Connections to Penn State weren't enough to keep prospective jurors from being chosen to decide Jerry Sandusky's fate on child sexual abuse charges.
The start of jury selection Tuesday showed the strength of Sandusky's and Penn State's links to their community -- but the presiding judge indicated that those connections weren't necessarily enough to keep them from being one of the 12 jurors or four alternates.
Nine jurors were selected Tuesday – including a longtime Penn State football season ticketholder. Cleland told the more than 220 potential jurors he would not sequester them, meaning they can spend nights at home during the trial that is expected to last several weeks.
The 68-year-old Sandusky faces 52 criminal counts and potential penalties that could result in an effective life prison sentence for alleged abuse involving 10 boys. He has denied the allegations. Testimony is tentatively set to begin on Monday.
Sue Paterno and Son Jay May Testify in Jerry Sandusky Case
Prospective jurors in Jerry Sandusky's case were told on the first day of jury selection Tuesday that the wife and son of the late football coach Joe Paterno were among the potential defense witnesses in the child sex-abuse trial.
The names of Sue and Jay Paterno and members of Sandusky's family were on a list shown to the prospective jurors, along with assistant coach Mike McQueary and his father, John McQueary. Mike McQueary has said that he saw Sandusky naked in a team shower with a young boy more than a decade ago – and reported it to Joe Paterno.
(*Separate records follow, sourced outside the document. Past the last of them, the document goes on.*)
lemma toa_sum_eq_imp_eq:
  fixes x y :: "'i::finite \<Rightarrow> 'a::ab_group_add"
  assumes le: "toa_order le" and "\<forall>i. le (x i) (y i)" and "sum x UNIV = sum y UNIV"
  shows "x = y"
proof (rule ext)
  fix j :: 'i
  let ?R = "UNIV - {j}"
  have sum_split: "sum z UNIV = z j + sum z ?R" for z :: "'i \<Rightarrow> 'a"
    by (simp add: sum.remove)
  have "le (sum x ?R) (sum y ?R)"
    using assms(2) by (intro toa_sum_mono[OF le]) simp
  then have "le (sum x ?R + x j) (sum y ?R + x j)"
    by (rule toa_orderD(4)[OF le])
  moreover have "sum x ?R + x j = y j + sum y ?R"
    using assms(3) unfolding sum_split by (simp add: add_ac)
  ultimately have "le (y j + sum y ?R) (x j + sum y ?R)"
    by (simp add: add_ac)
  moreover have "le (x j + sum y ?R) (y j + sum y ?R)"
    using assms(2) by (intro toa_orderD(4)[OF le]) simp
  ultimately have "y j + sum y ?R = x j + sum y ?R"
    by (rule toa_orderD(2)[OF le])
  then show "x j = y j"
    by simp
qed

lemma well_ordered_set_monotone_subseq:
  assumes "reflp le" and "transp le" and wo: "well_ordered_set le A" and "\<And>n. s n \<in> A"
  obtains f :: "nat \<Rightarrow> nat" where "strict_mono f" and "monotone (\<le>) le (s \<circ> f)"
proof -
  have "\<exists>m>n. \<forall>m'>n. le (s m) (s m')" for n
  proof -
    have "s ` {n<..} \<subseteq> A" and "s ` {n<..} \<noteq> {}"
      using assms(4) by auto
    then obtain x where "x \<in> s ` {n<..}" and "\<forall>y \<in> s ` {n<..}. le x y"
      using wo unfolding well_ordered_set_def by blast
    then show ?thesis by auto
  qed
  then obtain g where g: "\<And>n. g n > n" "\<And>n m. m > n \<Longrightarrow> le (s (g n)) (s m)"
    by metis
  define f where "f k = (g ^^ Suc k) 0" for k
  have f_Suc: "f (Suc k) = g (f k)" for k
    by (simp add: f_def)
  have le_Suc: "le (s (f k)) (s (f (Suc k)))" for k
  proof -
    have "f k = g ((g ^^ k) 0)"
      by (simp add: f_def)
    moreover have "(g ^^ k) 0 < f (Suc k)"
      using g(1)[of "(g ^^ k) 0"] g(1)[of "f k"] f_Suc calculation by simp
    ultimately show ?thesis
      using g(2) by simp
  qed
  have "le (s (f m)) (s (f m'))" if "m \<le> m'" for m m'
    using that
  proof (induction m' rule: dec_induct)
    case base then show ?case using assms(1) by (simp add: reflpD)
  next
    case (step n)
    then show ?case using assms(2) le_Suc[of n] by (blast dest: transpD)
  qed
  then have "monotone (\<le>) le (s \<circ> f)"
    by (simp add: monotone_def)
  moreover have "strict_mono f"
    unfolding strict_mono_Suc_iff f_Suc using g(1) by simp
  ultimately show thesis using that by blast
qed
Mike McQueary is also on the prosecution's list, along with young men who have accused Sandusky of abusing them. Former Penn State President Graham Spanier; former Second Mile CEO Jack Raykovitz and interim CEO Dave Woodle are also potential witnesses.
PSU: No Early Peek at Scandal Report for Trustees
Former FBI chief Louis Freeh's report on his investigation into the child sexual abuse scandal at Penn State will be made public at the same time it is given to trustees and university officials.
The university made the statement online Monday on its updated "progress" website on a "frequently asked questions" page. Freeh's investigation was commissioned by trustees.
In the past, a handful of board members had said that trustees might get an early look at the report. The independence of Freeh and his investigators have been called into question by some vocal alumni critical of the board's ouster of Hall of Fame football coach Joe Paterno in the aftermath of retired defensive coordinator Jerry Sandusky's arrest in November on dozens of counts of abuse.
School officials say they hope the outcome of the Sandusky trial and the upcoming Freeh report would start to bring closure to the university community.